Unfortunately, while the method of estimating the GMRM by maximum likelihood with the ECM algorithm is computationally fast, it does not lend well to such a constraint because the resulting optimization step of β is no longer a linear optimization problem, but a linear programming problem. We found that the simplest solution of attempting to find starting values which result in the algorithm converging to a local model where the quadratic trend is estimated reasonably could be extremely difficult and impossible in some images, with no universally good method for finding starting values being easily attainable.

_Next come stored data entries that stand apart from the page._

lemma Gamma_real_set_integral:
  assumes "(s::real) > 0"
  shows "set_integrable lborel {0<..} (\<lambda>u. exp (-u) * u powr (s - 1))"
    and "(LBINT u:{0<..}. exp (-u) * u powr (s - 1)) = Gamma s"
proof -
  let ?f = "\<lambda>u::real. exp (-u) * u powr (s - 1)"
  have "((\<lambda>t. t powr (s - 1) / exp t) has_integral Gamma s) {0..}"
    using assms by (rule Gamma_integral_real)
  then have "((\<lambda>t. if t \<in> {0<..} then t powr (s - 1) / exp t else 0) has_integral Gamma s) {0..}"
    by (rule has_integral_spike [of "{0}", rotated 2]) auto
  then have f: "(?f has_integral Gamma s) {0<..}"
    by (subst (asm) has_integral_restrict) (auto simp: exp_minus field_simps)
  then have "?f absolutely_integrable_on {0<..}"
    by (intro nonnegative_absolutely_integrable_1) (auto simp: has_integral_integrable)
  then show integrable: "set_integrable lborel {0<..} ?f"
    unfolding set_integrable_def
    by (subst (asm) integrable_completion)
      (auto intro!: borel_measurable_continuous_on_indicator continuous_intros)
  show "(LBINT u:{0<..}. ?f u) = Gamma s"
    using set_borel_integral_eq_integral(2)[OF integrable] f integral_unique by metis
qed

lemma abs_ln_le_powr:
  fixes u :: real
  assumes "u > 0"
  shows "\<bar>ln u\<bar> \<le> 2 * u powr (1/2 - 1) + u powr (2 - 1)"
proof (cases "u \<ge> 1")
  case True
  then have "\<bar>ln u\<bar> \<le> u - 1"
    using ln_le_minus_one assms by simp
  moreover have "0 \<le> u powr (1/2 - 1)" "u powr (2 - 1) = u"
    using assms by simp_all
  ultimately show ?thesis
    by linarith
next
  case False
  then have "\<bar>ln u\<bar> = 2 * ln (u powr (-1/2))"
    using assms by (simp add: ln_powr)
  also have "\<dots> \<le> 2 * (u powr (-1/2) - 1)"
    using ln_le_minus_one[of "u powr (-1/2)"] assms by simp
  finally show ?thesis
    using assms by simp
qed

lemma set_integrable_exp_neg_mult_ln:
  "set_integrable lborel {0<..} (\<lambda>u::real. exp (-u) * ln u)"
proof (rule set_integrable_bound)
  let ?g = "\<lambda>u::real. 2 * (exp (-u) * u powr (1/2 - 1)) + exp (-u) * u powr (2 - 1)"
  show "set_integrable lborel {0<..} ?g"
    using Gamma_real_set_integral(1)[of "1/2"] Gamma_real_set_integral(1)[of 2]
    by (intro set_integral_add) auto
  show "set_borel_measurable lborel {0<..} (\<lambda>u::real. exp (-u) * ln u)"
    unfolding set_borel_measurable_def by measurable
  have "norm (exp (-u) * ln u) \<le> norm (?g u)" if "u > 0" for u :: real
  proof -
    have "norm (exp (-u) * ln u) = exp (-u) * \<bar>ln u\<bar>"
      by (simp add: abs_mult)
    also have "\<dots> \<le> exp (-u) * (2 * u powr (1/2 - 1) + u powr (2 - 1))"
      using abs_ln_le_powr[OF that] by (intro mult_left_mono) auto
    finally show ?thesis
      by (simp add: algebra_simps)
  qed
  then show "AE u in lborel. u \<in> {0<..} \<longrightarrow> norm (exp (-u) * ln u) \<le> norm (?g u)"
    by (intro AE_I2) auto
qed

lemma Gamma_real_ge_tangent_at_1:
  assumes "(s::real) > 0"
  shows "1 + (s - 1) * (LBINT u:{0<..}. exp (-u) * ln u) \<le> Gamma s"
proof -
  have "set_integrable lborel {0<..} (\<lambda>u::real. exp (-u) * u powr (1 - 1))
          = set_integrable lborel {0<..} (\<lambda>u::real. exp (-u))"
    by (rule set_integrable_cong) auto
  then have exp_neg: "set_integrable lborel {0<..} (\<lambda>u::real. exp (-u))"
    using Gamma_real_set_integral(1)[OF zero_less_one] by blast
  have "(LBINT u::real:{0<..}. exp (-u) * u powr (1 - 1)) = (LBINT u::real:{0<..}. exp (-u))"
    by (rule set_lebesgue_integral_cong) auto
  then have exp_neg_integral: "(LBINT u::real:{0<..}. exp (-u)) = 1"
    using Gamma_real_set_integral(2)[OF zero_less_one] by (simp only: Gamma_1)
  have "1 + (s - 1) * (LBINT u:{0<..}. exp (-u) * ln u) =
        (LBINT u:{0<..}. exp (-u) + (s - 1) * (exp (-u) * ln u))"
    using exp_neg set_integrable_exp_neg_mult_ln by (simp add: exp_neg_integral)
  also have "\<dots> \<le> (LBINT u:{0<..}. exp (-u) * u powr (s - 1))"
  proof (rule set_integral_mono)
    show "set_integrable lborel {0<..} (\<lambda>u::real. exp (-u) + (s - 1) * (exp (-u) * ln u))"
      using exp_neg set_integrable_exp_neg_mult_ln by (intro set_integral_add) auto
    show "set_integrable lborel {0<..} (\<lambda>u::real. exp (-u) * u powr (s - 1))"
      using Gamma_real_set_integral(1) assms .
    fix u :: real
    assume "u \<in> {0<..}"
    then have "1 + (s - 1) * ln u \<le> u powr (s - 1)"
      using exp_ge_add_one_self[of "(s - 1) * ln u"] by (simp add: powr_def)
    then have "exp (-u) * (1 + (s - 1) * ln u) \<le> exp (-u) * u powr (s - 1)"
      by (intro mult_left_mono) auto
    then show "exp (-u) + (s - 1) * (exp (-u) * ln u) \<le> exp (-u) * u powr (s - 1)"
      by (simp add: algebra_simps)
  qed
  also have "\<dots> = Gamma s"
    using Gamma_real_set_integral(2) assms .
  finally show ?thesis .
qed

A natural, and perhaps more intuitive, solution is to formulate the GMRMs in a Bayesian framework, and impose appropriate constraints on trend coefficients through appropriate priors, with the caveat that only near real-time analysis may be attainable with a Bayesian model.
In Chapter 5 we extend upon our current methodology by implementing linearly con-strained Gaussian mixture of regression models under the Bayesian framework to address some of these challenges. This methodology allows for robust estimation of the quadratic trend, “automatic” selection of the number of components regardless of the amount of Li present within an image, and additional measures of uncertainty about proportion of growth estimates and probabilistic assignment of Li labelings to pixels.